If I stop filebeat, delete the registry file and then start filebeat again I don't see any CRI errors for hours now.
I repeated this several times and my conclusion is that the CRI error only appears if there's a registry file on startup.

@steffens here's the offset for this particular file:

{
  "source": "/var/lib/docker/containers/fa4b520c2374b1830eb46d3455f0a660acea4f735a68238408142709d4b830f2/fa4b520c2374b1830eb46d3455f0a660acea4f735a68238408142709d4b830f2-json.log",
  "offset": 18648000,
  "timestamp": "2018-08-31T03:00:41.543776889Z",
  "ttl": -1,
  "type": "docker",
  "meta": null,
  "FileStateOS": {
    "inode": 5233642,
    "device": 66311
  }
},

Hi everyone,

Thank you for all the feedback, this should help us in the task of fixing the issue. BTW, there is a public issue here: https://github.com/elastic/beats/issues/8175 as the bugs seems confirmed.

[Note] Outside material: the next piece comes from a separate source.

(* In the supersample setting described in the context, let $\mathcal L$ be the domain of $L_i^+$ and, for each $i$, consider the random process $\{\xi^i(\ell^+)\}_{\ell^+\in\mathcal L}$ with $\xi^i(\ell^+)=\varepsilon_i\ell^+$, where $\varepsilon_i=(-1)^{1-U_i}$. For each $i\in\{1,\dots,n\}$ assume $\{L^+_{i,k}\}_{k=k_0}^\infty$ is a stochastic chain of the pair $(\{\xi^i(\ell^+)\}_{\ell^+\in\mathcal L},L^+_i)$. Then \[ \mathrm{Err}\leq \frac{2}{n}\sum_{i=1}^n\sum_{k=k_0+1}^\infty\sqrt{2\,\mathbb E\!\left[|L^+_{i,k}-L^+_{i,k-1}|^2\right]I( L^+_{i,k};U_i)}, \] where the expectation is over $(L^+_{i,k},L^+_{i,k-1})$.
   Context: Let $\mathcal Z=\mathcal X\times\mathcal Y$ and let $\mu$ be a distribution on $\mathcal Z$. A (possibly randomized) learning algorithm $\mathcal A$ maps a training sample in $\mathcal Z^n$ to a hypothesis $W\in\mathcal W$, and $\ell:\mathcal W\times\mathcal Z\to[0,\infty)$ is a loss (not assumed discrete or bounded). For $S=(Z_1,\dots,Z_n)\sim\mu^{n}$ and $W\sim P_{W|S}$, let $L_\mu=\mathbb E_W\mathbb E_{Z'\sim\mu}[\ell(W,Z')]$ (with $Z'$ independent of $(S,W)$), $L_n=\mathbb E_{W,S}[\frac1n\sum_i\ell(W,Z_i)]$, $\mathrm{Err}=L_\mu-L_n$. Supersample: $\widetilde Z=(\widetilde Z_{i,j})_{i\in\{1,\dots,n\},j\in\{0,1\}}$ with i.i.d. entries of law $\mu$; $U=(U_1,\dots,U_n)$ uniform on $\{0,1\}^n$, independent of $\widetilde Z$; $W=\mathcal A(\widetilde Z_U)$ with $\widetilde Z_U=(\widetilde Z_{1,U_1},\dots,\widetilde Z_{n,U_n})$; $L_i^+=\ell(W,\widetilde Z_{i,0})$. Stochastic chain: for a random process $\{X_t\}_{t\in\mathcal T}$ and a random variable $T$ in $\mathcal T$, a sequence of $\mathcal T$-valued random variables $\{T_k\}_{k=k_0}^\infty$ is a stochastic chain of $(\{X_t\},T)$ if (1) $\lim_{k\to\infty}\mathbb E[X_{T_k}]=\mathbb E[X_T]$; (2) $\mathbb E[X_{T_{k_0}}]=0$; (3) $\{X_t\}_{t\in\mathcal T}-T-T_k-T_{k-1}$ is a Markov chain for every $k>k_0$. Mutual information is in nats. *)

theory Defs
  imports "HOL-Probability.Probability"
begin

@Jarek_Miszkinis, I'm wondering, do you see any other ocurrence of the /var/lib/docker/containers/fa4b520c2374b1830eb46d3455f0a660acea4f735a68238408142709d4b830f2/fa4b520c2374b1830eb46d3455f0a660acea4f735a68238408142709d4b830f2-json.log file in your registry?

Best regards

I have another question for everyone, do you see this behavior if you disable combine_partials? This is a new feature introduced in 6.4 so it could potentially be one of the causes of this issue.

An update here, it seems the root cause has been found, and we are working on the fix: https://github.com/elastic/beats/issues/8175

This topic was automatically closed 28 days after the last reply. New replies are no longer allowed.